All he did was walk.
In the face of guns, smoke, fire and fire hose, he walked. In the face of threats, taunts and vitriolic anger, he walked. In the face of beatings and imprisonment, he walked. In the face of long-standing bitterness and revenge-seeking, he walked.
Vengeance is mine, I will repay, saith the Lord (Romans 12:19). He believed that, so he walked.
He was a calm presence in turbulent times, and as such he was a gift from God to our society. Things could have easily gotten worse. For a while they did, until he turned up and just walked. Like Jesus sleeping in the boat in the middle of a turbulent storm, he had a different agenda. He calmed the sea. He walked.
He didn’t walk away. He walked into. Right into the middle of everything, he walked. He locked arms with his fellow human beings, and walked.

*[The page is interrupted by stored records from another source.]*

(* Consider the setting and algorithm described in the context. Let $\gamma>0$ and $K_0\ge0$ be such that for all $k\ge K_0$: $\gamma_k=\gamma$, $\delta_k=\delta:=2\nu+L_{\nabla h}+\frac{2\|A\|^2}{\gamma}$ and $\|z^{k+1}\|\le\min\left(\frac{\varepsilon}{\gamma},\sqrt{\frac{2\varepsilon}{\gamma}}\right)$. Let $0<m\le M$ be constants with $m<f(Kx^k)\le M$ for all $k\ge1$, and let $K_1\ge K_0+1$ be such that $m\le\langle Kx^k,y^k\rangle-f^*(y^k)\le f(Kx^k)\le M$ for all $k\ge K_1$. Let $\Gamma(x,y,z,u):=\frac{\Psi(x,z,u,\delta,\gamma)}{\langle Kx,y\rangle-f^*(y)}$ on $\{(x,y)\in\mathbb{R}^n\times\operatorname{dom}f^*:\langle Kx,y\rangle-f^*(y)>m/2\}\times\operatorname{dom}g^*\times\mathbb{R}^n$. Suppose that $f^*$ is calm at every point of its effective domain and that $g$ is essentially strictly convex. Then there exists $\zeta>0$ such that for all $k\ge K_1$, $\operatorname{dist}\big(0,\partial\Gamma(x^{k+1},y^{k+1},z^{k+1},u^{k+1})\big)\le\zeta\big(\|x^k-x^{k+1}\|+\|u^k-u^{k+1}\|+\|z^k-z^{k+1}\|\big)$, where $\partial$ denotes the limiting subdifferential.
   Context: Setting: $\mathcal{S}\subseteq\mathbb{R}^n$ nonempty, convex, compact; $A:\mathbb{R}^n\to\mathbb{R}^s$, $K:\mathbb{R}^n\to\mathbb{R}^p$ linear with adjoints $A^*,K^*$ and operator norm $\|A\|$; $g:\mathbb{R}^s\to\mathbb{R}\cup\{+\infty\}$ proper, convex, lsc; $h:\mathbb{R}^n\to\mathbb{R}$ differentiable on an open set containing $\mathcal{S}$ with $L_{\nabla h}$-Lipschitz gradient there; $f:\mathbb{R}^p\to\mathbb{R}\cup\{+\infty\}$ proper, convex, lsc with $K(\mathcal{S})\subseteq\operatorname{int}(\operatorname{dom}f)$ and $f(Kx)>0$ on $\mathcal{S}$; $\mathcal{S}\cap A^{-1}(\operatorname{dom}g)\ne\emptyset$, $\inf_{x\in\mathcal{S}}\{g(Ax)+h(x)\}>0$; $A(\mathcal{S})\subseteq\operatorname{dom}(\partial g)$ and there is $\ell>0$ with $\operatorname{dist}(0,\partial g(Ax))\le\ell$ for all $x\in\mathcal{S}$. Notation: $f^*,g^*$ Fenchel conjugates; $\iota_{\mathcal{S}}$ indicator; $\operatorname{Proj}_{\mathcal{S}}$ projection; $\operatorname{prox}_{\varphi,\kappa}(x)=\arg\min_y\{\varphi(y)+\frac1{2\kappa}\|y-x\|^2\}$; $\Psi(x,z,u,\delta,\gamma):=\langle z,Ax\rangle-g^*(z)+h(x)+\iota_{\mathcal{S}}(x)+\frac{\delta}{2}\|x-u\|^2-\frac{\gamma}{2}\|z\|^2$. A function $\varphi$ is calm at $\hat y\in\operatorname{dom}\varphi$ if there are $\epsilon,\kappa>0$ with $|\varphi(y)-\varphi(\hat y)|\le\kappa\|y-\hat y\|$ whenever $\|y-\hat y\|<\epsilon$. A proper function is essentially strictly convex if it is strictly convex on every convex subset of $\operatorname{dom}(\partial g)$. Algorithm: given $0<\beta<2$, $\nu>0$, $0<q<1$, $\delta_0,\theta_0>0$, $\gamma_0=1$, $\varepsilon>0$ and $(x^0,z^0,u^0)$, for $k\ge0$: choose $y^{k+1}\in\partial f(Kx^k)$; $x^{k+1}:=\operatorname{Proj}_{\mathcal{S}}(u^k+\frac{\theta_k}{\delta_k}K^*y^{k+1}-\frac1{\delta_k}\nabla h(x^k)-\frac1{\delta_k}A^*z^k)$; $u^{k+1}:=(1-\beta)u^k+\beta x^{k+1}$; take the smallest $j_k\ge0$ such that with $\gamma_{k,j_k}:=\gamma_kq^{j_k}$, $z^{k+1,j_k}:=\operatorname{prox}_{g^*,1/\gamma_{k,j_k}}(Ax^{k+1}/\gamma_{k,j_k})$ one has $\theta_{k+1}:=\Psi(x^{k+1},z^{k+1,j_k},u^{k+1},\delta_k,\gamma_{k,j_k})/f(Kx^{k+1})>0$; set $\gamma_{k+1}:=\gamma_{k,j_k}$, $\delta_{k+1}:=2\nu+L_{\nabla h}+2\|A\|^2/\gamma_{k+1}$, $z^{k+1}:=z^{k+1,j_k}$; if $\|z^{k+1}\|>\min(\varepsilon/\gamma_{k+1},\sqrt{2\varepsilon/\gamma_{k+1}})$, replace $\gamma_{k+1}$ by $\gamma_{k+1}q$ and recompute $\delta_{k+1}$ by the same formula. *)

theory Defs
  imports "HOL-Analysis.Analysis" "HOL-Library.Extended_Real"
begin
lemma poly_in_each_var_add:
  assumes "poly_in_each_var d f" "poly_in_each_var d g"
  shows "poly_in_each_var d (\<lambda>\<alpha>. f \<alpha> + g \<alpha>)"
  unfolding poly_in_each_var_def
proof (intro allI)
  fix j \<alpha>
  obtain p q where "degree p \<le> d j" "\<And>t. f (\<alpha>(j:=t)) = poly p t"
    "degree q \<le> d j" "\<And>t. g (\<alpha>(j:=t)) = poly q t"
    using assms by (metis poly_in_each_varE)
  then show "\<exists>r. degree r \<le> d j \<and> (\<forall>t. f (\<alpha>(j := t)) + g (\<alpha>(j := t)) = poly r t)"
    by (intro exI[of _ "p + q"]) (auto intro: degree_add_le)
qed

lemma poly_in_each_var_prod:
  assumes "finite I" "\<And>i. i \<in> I \<Longrightarrow> poly_in_each_var (d i) (f i)"
  shows "poly_in_each_var (\<lambda>j. \<Sum>i\<in>I. d i j) (\<lambda>\<alpha>. \<Prod>i\<in>I. f i \<alpha>)"
  using assms
proof (induction I rule: finite_induct)
  case empty
  then show ?case using poly_in_each_var_const[of _ 1] by simp
next
  case (insert x F)
  then show ?case
    using poly_in_each_var_mult[of "d x" "f x" "\<lambda>j. \<Sum>i\<in>F. d i j"] by simp
qed

lemma poly_in_each_var_sum:
  assumes "finite I" "\<And>i. i \<in> I \<Longrightarrow> poly_in_each_var d (f i)"
  shows "poly_in_each_var d (\<lambda>\<alpha>. \<Sum>i\<in>I. f i \<alpha>)"
  using assms
proof (induction I rule: finite_induct)
  case empty
  then show ?case using poly_in_each_var_const[of _ 0] by simp
next
  case (insert x F)
  then show ?case using poly_in_each_var_add[of d "f x"] by simp
qed

lemma poly_in_each_var_fix_var:
  assumes "poly_in_each_var d f"
  shows "poly_in_each_var d (\<lambda>\<alpha>. f (\<alpha>(i := c)))"
  unfolding poly_in_each_var_def
proof (intro allI)
  fix j \<alpha>
  show "\<exists>p. degree p \<le> d j \<and> (\<forall>t. f ((\<alpha>(j := t))(i := c)) = poly p t)"
  proof (cases "j = i")
    case True
    then show ?thesis by (intro exI[of _ "[:f (\<alpha>(i := c)):]"]) auto
  next
    case False
    obtain p where "degree p \<le> d j" "\<And>t. f ((\<alpha>(i := c))(j := t)) = poly p t"
      by (metis poly_in_each_varE[OF assms])
    with False show ?thesis by (metis fun_upd_twist)
  qed
qed
(* Let $\mathbb F$ be a finitely generated free group with symmetric free generating set $S$, let $\mathcal G=(V,E)$ be a constraint graph with $V$ and $E$ finite, and let $X=X_{\mathcal G}\subset V^{\mathbb F}$ be the graph subshift determined by $\mathcal G$. If there exists a shift-invariant Borel probability measure $\mu$ on $X$, then there exists a periodic treequence $x\in X$. Moreover, if for some $v\in V$ one has $\mu(\{x\in X: x(\mathrm{id})=v\})>0$, then there exists a periodic treequence $x\in X$ with $x(\mathrm{id})=v$.
   Context: $S=B\cup B^{-1}$ for a free basis $B$ of $\mathbb F$; $\mathrm{id}$ is the identity of $\mathbb F$. A constraint graph is a pair $\mathcal G=(V,E)$ with $E\subset V\times V\times S$; a triple $(v,w;s)\in E$ is a directed edge from $v$ to $w$ labeled $s$. Elements of $V^{\mathbb F}$ (functions $\mathbb F\to V$) are called treequences; $V^{\mathbb F}$ carries the product topology ($V$ discrete). The graph subshift $X_{\mathcal G}$ is the set of $x\in V^{\mathbb F}$ such that $(x(f),x(fs);s)\in E$ for all $f\in\mathbb F$, $s\in S$. $\mathbb F$ acts by shifts $(\sigma_gx)(f)=x(g^{-1}f)$; a measure $\mu$ is shift-invariant if $\mu(\sigma_gA)=\mu(A)$ for all $g$ and Borel $A$. A treequence $x$ is periodic if $\{f\in\mathbb F:\sigma_fx=x\}$ has finite index in $\mathbb F$. *)

theory Defs
  imports "HOL-Probability.Probability"
begin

We can walk today because of the One who walks with us. I believe he walked under the same power. We can lock arms and walk right into whatever we are facing.
“We’ve been in the mountain of racial injustice long enough,” Martin Luther King said in a speech to a Los Angeles synagogue in 1965. “And now it is time for us to move on to that great and noble realm of justice and brotherhood.”
He walked, and he kept on walking right up over that mountain, until he was gone.